Through his work, Villares translates the invisible meaning of data into approachable artworks with the goal to sensitize individuals to their relationship to nature. He defends the role of contemporary artists in raising awareness about climate change in works like “Topographic Paradox.”

“The most important part of the art is to give a space for people to rethink their lives and the multiple realities,” he states. 

Before joining the Yale School of Art Sculpture Department this year, Villares received artistic training in his hometown from the Instituto Superior de Arte, the Academia Nacional de Bellas Artes San Alejandro and the Centro Experimental de Artes José Antonio Díaz Peláez. Cuba, the island he was born and raised on, has shaped his work and his focus on landscape. 

“If you live on an island you think differently than if you live on the continent,” said Villares. In one of his first pieces “Finisterre” — which means end of the Earth in latin — he explores how the sea is the first frontier for someone growing up on an island. “Even with the political restrictions in the moment,” he declares, “what shapes you first is the landscape.” 

He has now settled in New Haven with his wife and two daughters for the two years to come. Coming to the Yale School of Art, a drastic change from living in Cuba, he believes that he is starting over which he considers “as a good sensation” as he hopes to connect with new ideas to build his art.

Aki Sasamoto, professor in the Sculpture Department of the Yale School of Art, explained how engaging it was to have students, like him, who already have thought through works but are willing to come back to school and approach their art in a new way. 

“I am excited that people like him can benefit from being at Yale,” Sasamoto concluded.

She hopes that Villares will be able to develop his projects in collaboration with other departments, a wish that the artist also shares. 

His work has been widely exhibited in Cuba and internationally including at the Chazen Museum in Madison, Wisconsin, the Museo Nacional de Arte in Bolivia and the Vancouver and Havanna Biennales. This year, alongside works by Kcho and Giuseppe Stampone, Rafael Villares presents his work at the Cuban Pavilion of the 59th Venice Biennale in the exhibition “TERRA IGNOTA, (proposals for a New World)” curated by Nelson Ramirez de Arellano Conde. 

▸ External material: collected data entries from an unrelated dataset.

(* Let $(W,S)$ be a Coxeter system with $S$ finite, $\phi:\operatorname{Ad}(Q_W)\to W$ the homomorphism $e_x\mapsto x$, and $C_W=\ker\phi$. Then $C_W$ is a central subgroup of $\operatorname{Ad}(Q_W)$.
   Context: A Coxeter system $(W,S)$: $S$ finite, $m:S\times S\to\mathbb{N}\cup\{\infty\}$ with $m(s,s)=1$, $2\le m(s,t)=m(t,s)\le\infty$ for $s\ne t$, $W=\langle s\in S\mid (st)^{m(s,t)}=1\ (m(s,t)<\infty)\rangle$. The Coxeter quandle is $Q_W=\bigcup_{w\in W}w^{-1}Sw$ with $x\ast y=yxy$, and $\operatorname{Ad}(Q_W)=\langle e_x\ (x\in Q_W)\mid e_y^{-1}e_xe_y=e_{x\ast y}\rangle$; $\phi$ is well defined. *)

theory Defs
  imports "HOL-Algebra.Algebra" "HOL-Library.Extended_Nat"
begin

text \<open>A word over a generator set Gen is a list of letters (x, b), where b = True means
  the inverse letter x^-1.\<close>

type_synonym 'a word = "('a \<times> bool) list"

definition word_on :: "'a set \<Rightarrow> 'a word \<Rightarrow> bool" where
  "word_on Gen w \<longleftrightarrow> (\<forall>p\<in>set w. fst p \<in> Gen)"

inductive pres_eq :: "'a set \<Rightarrow> 'a word set \<Rightarrow> 'a word \<Rightarrow> 'a word \<Rightarrow> bool"
  for Gen :: "'a set" and R :: "'a word set" where
  refl: "word_on Gen w \<Longrightarrow> pres_eq Gen R w w"
| sym: "pres_eq Gen R u v \<Longrightarrow> pres_eq Gen R v u"
| trans: "pres_eq Gen R u v \<Longrightarrow> pres_eq Gen R v w \<Longrightarrow> pres_eq Gen R u w"
| cancel: "x \<in> Gen \<Longrightarrow> word_on Gen u \<Longrightarrow> word_on Gen v \<Longrightarrow>
     pres_eq Gen R (u @ [(x, b), (x, \<not> b)] @ v) (u @ v)"
| relator: "r \<in> R \<Longrightarrow> word_on Gen r \<Longrightarrow> word_on Gen u \<Longrightarrow> word_on Gen v \<Longrightarrow>
     pres_eq Gen R (u @ r @ v) (u @ v)"

definition pres_class :: "'a set \<Rightarrow> 'a word set \<Rightarrow> 'a word \<Rightarrow> 'a word set" where
  "pres_class Gen R w = {v. pres_eq Gen R w v}"

definition presented_group :: "'a set \<Rightarrow> 'a word set \<Rightarrow> 'a word set monoid" where
  "presented_group Gen R =
     \<lparr> carrier = {pres_class Gen R w | w. word_on Gen w},
       monoid.mult = (\<lambda>A B. pres_class Gen R ((SOME a. a \<in> A) @ (SOME b. b \<in> B))),
       one = pres_class Gen R [] \<rparr>"

definition gen_elem :: "'a set \<Rightarrow> 'a word set \<Rightarrow> 'a \<Rightarrow> 'a word set" where
  "gen_elem Gen R x = pres_class Gen R [(x, False)]"

definition eval_word :: "('b, 'm) monoid_scheme \<Rightarrow> ('a \<Rightarrow> 'b) \<Rightarrow> 'a word \<Rightarrow> 'b" where
  "eval_word H f w =
     foldr (\<lambda>(x, b) acc. (if b then inv\<^bsub>H\<^esub> (f x) else f x) \<otimes>\<^bsub>H\<^esub> acc) w \<one>\<^bsub>H\<^esub>"

text \<open>The homomorphism \<langle>Gen | R\<rangle> \<rightarrow> H induced by f (assumed well defined).\<close>

definition induced_hom :: "('b, 'm) monoid_scheme \<Rightarrow> ('a \<Rightarrow> 'b) \<Rightarrow> 'a word set \<Rightarrow> 'b" where
  "induced_hom H f A = eval_word H f (SOME w. w \<in> A)"

definition coxeter_matrix :: "'a set \<Rightarrow> ('a \<Rightarrow> 'a \<Rightarrow> enat) \<Rightarrow> bool" where
  "coxeter_matrix S m \<longleftrightarrow> finite S \<and>
     (\<forall>s\<in>S. m s s = 1) \<and>
     (\<forall>s\<in>S. \<forall>t\<in>S. s \<noteq> t \<longrightarrow> 2 \<le> m s t \<and> m s t = m t s)"

definition coxeter_rels :: "'a set \<Rightarrow> ('a \<Rightarrow> 'a \<Rightarrow> enat) \<Rightarrow> 'a word set" where
  "coxeter_rels S m = {concat (replicate k [(s, False), (t, False)]) | s t k.
      s \<in> S \<and> t \<in> S \<and> m s t = enat k}"

definition coxeter_group :: "'a set \<Rightarrow> ('a \<Rightarrow> 'a \<Rightarrow> enat) \<Rightarrow> 'a word set monoid" where
  "coxeter_group S m = presented_group S (coxeter_rels S m)"

definition coxeter_gen :: "'a set \<Rightarrow> ('a \<Rightarrow> 'a \<Rightarrow> enat) \<Rightarrow> 'a \<Rightarrow> 'a word set" where
  "coxeter_gen S m s = gen_elem S (coxeter_rels S m) s"

definition coxeter_quandle :: "'a set \<Rightarrow> ('a \<Rightarrow> 'a \<Rightarrow> enat) \<Rightarrow> 'a word set set" where
  "coxeter_quandle S m =
     {inv\<^bsub>coxeter_group S m\<^esub> w \<otimes>\<^bsub>coxeter_group S m\<^esub> coxeter_gen S m s
        \<otimes>\<^bsub>coxeter_group S m\<^esub> w | w s. w \<in> carrier (coxeter_group S m) \<and> s \<in> S}"

definition qop :: "'a set \<Rightarrow> ('a \<Rightarrow> 'a \<Rightarrow> enat) \<Rightarrow> 'a word set \<Rightarrow> 'a word set \<Rightarrow> 'a word set" where
  "qop S m x y = y \<otimes>\<^bsub>coxeter_group S m\<^esub> x \<otimes>\<^bsub>coxeter_group S m\<^esub> y"

definition adj_rels :: "'a set \<Rightarrow> ('a \<Rightarrow> 'a \<Rightarrow> enat) \<Rightarrow> 'a word set word set" where
  "adj_rels S m = {[(y, True), (x, False), (y, False), (qop S m x y, True)] | x y.
      x \<in> coxeter_quandle S m \<and> y \<in> coxeter_quandle S m}"

definition adj_group :: "'a set \<Rightarrow> ('a \<Rightarrow> 'a \<Rightarrow> enat) \<Rightarrow> 'a word set word set monoid" where
  "adj_group S m = presented_group (coxeter_quandle S m) (adj_rels S m)"

definition adj_phi :: "'a set \<Rightarrow> ('a \<Rightarrow> 'a \<Rightarrow> enat) \<Rightarrow> 'a word set word set \<Rightarrow> 'a word set" where
  "adj_phi S m = induced_hom (coxeter_group S m) id"

definition central_subgroup :: "'a set \<Rightarrow> ('a, 'm) monoid_scheme \<Rightarrow> bool" where
  "central_subgroup K G \<longleftrightarrow> subgroup K G \<and>
     (\<forall>z\<in>K. \<forall>g\<in>carrier G. z \<otimes>\<^bsub>G\<^esub> g = g \<otimes>\<^bsub>G\<^esub> z)"

end

theory Submission imports Defs begin
lemma ridge_closure_exp:
  assumes "continuous_on UNIV \<rho>" "\<not> (\<exists>p. \<forall>t. \<rho> t = poly p t)"
  shows "exp \<in> ridge_closure \<rho>"
proof (rule ridge_closure_closed)
  fix R e :: real assume "R > 0" "e > 0"
  have "(\<lambda>n. inverse (fact n) * R ^ n) \<longlonglongrightarrow> 0"
    by (rule summable_LIMSEQ_zero[OF summable_exp])
  then obtain N where N: "inverse (fact N) * R ^ N < e / exp R"
    using LIMSEQ_D[of _ 0 "e / exp R"] \<open>R > 0\<close> \<open>e > 0\<close> by force
  define g where "g t = (\<Sum>m<N. (1 / fact m) * t ^ m)" for t :: real
  have "g \<in> ridge_closure \<rho>" unfolding g_def[abs_def]
    by (intro ridge_closure_sum ridge_closure_cmult ridge_closure_monomial assms)
  moreover have "\<bar>exp t - g t\<bar> \<le> e" if "\<bar>t\<bar> \<le> R" for t
  proof -
    obtain s where s: "\<bar>s\<bar> \<le> \<bar>t\<bar>" "exp t = (\<Sum>m<N. t ^ m / fact m) + exp s / fact N * t ^ N"
      using Maclaurin_exp_le by blast
    then have "exp t - g t = exp s / fact N * t ^ N" unfolding g_def by simp
    then have "\<bar>exp t - g t\<bar> = exp s * (inverse (fact N) * \<bar>t\<bar> ^ N)"
      by (simp add: abs_mult power_abs divide_inverse)
    also have "\<dots> \<le> exp R * (inverse (fact N) * R ^ N)"
      using s(1) that by (intro mult_mono mult_left_mono power_mono) auto
    also have "\<dots> \<le> e" using N by (simp add: field_simps)
    finally show ?thesis .
  qed
  ultimately show "\<exists>g\<in>ridge_closure \<rho>. \<forall>t. \<bar>t\<bar> \<le> R \<longrightarrow> \<bar>exp t - g t\<bar> \<le> e" by blast
qed

section \<open>Exponential sums\<close>

definition exp_comb :: "(real \<times> 'a::real_inner) list \<Rightarrow> 'a \<Rightarrow> real" where
  "exp_comb L x = (\<Sum>(c, a)\<leftarrow>L. c * exp (a \<bullet> x))"

lemma exp_comb_Nil: "exp_comb [] = (\<lambda>x. 0)"
  by (simp add: exp_comb_def fun_eq_iff)

lemma exp_comb_Cons: "exp_comb ((c, a) # L) = (\<lambda>x. c * exp (a \<bullet> x) + exp_comb L x)"
  by (simp add: exp_comb_def fun_eq_iff)

lemma exp_comb_append: "exp_comb (L1 @ L2) x = exp_comb L1 x + exp_comb L2 x"
  by (simp add: exp_comb_def)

When asking the curator of the exhibition how it was to work with Rafael and his art, Conde responded that the Cuban Pavilion was centered around Villares’ works. 

“The concept of Terra Ignota was born as a fruit of a collaboration among Rafael and I, the other two artists are there for multiple reasons, and they complete the concept but are not, from my point of view, indispensable as Rafael is,” Conde wrote to the News. 

Villares’ works, Topographic Paradox Series, Paradigm Series, World’s Fragment Series, Immersion Series, and Morphology of Echo Series are shown in Venice until Nov. 27. 

Staying true to his artistic mission, one of Villares’ local artworks, “Immersion Series” involved the receiving of information from oceanographers about the sea floors from which he created surreal fictionalized digital landscapes. 

The Yale School of Art was established in 1869.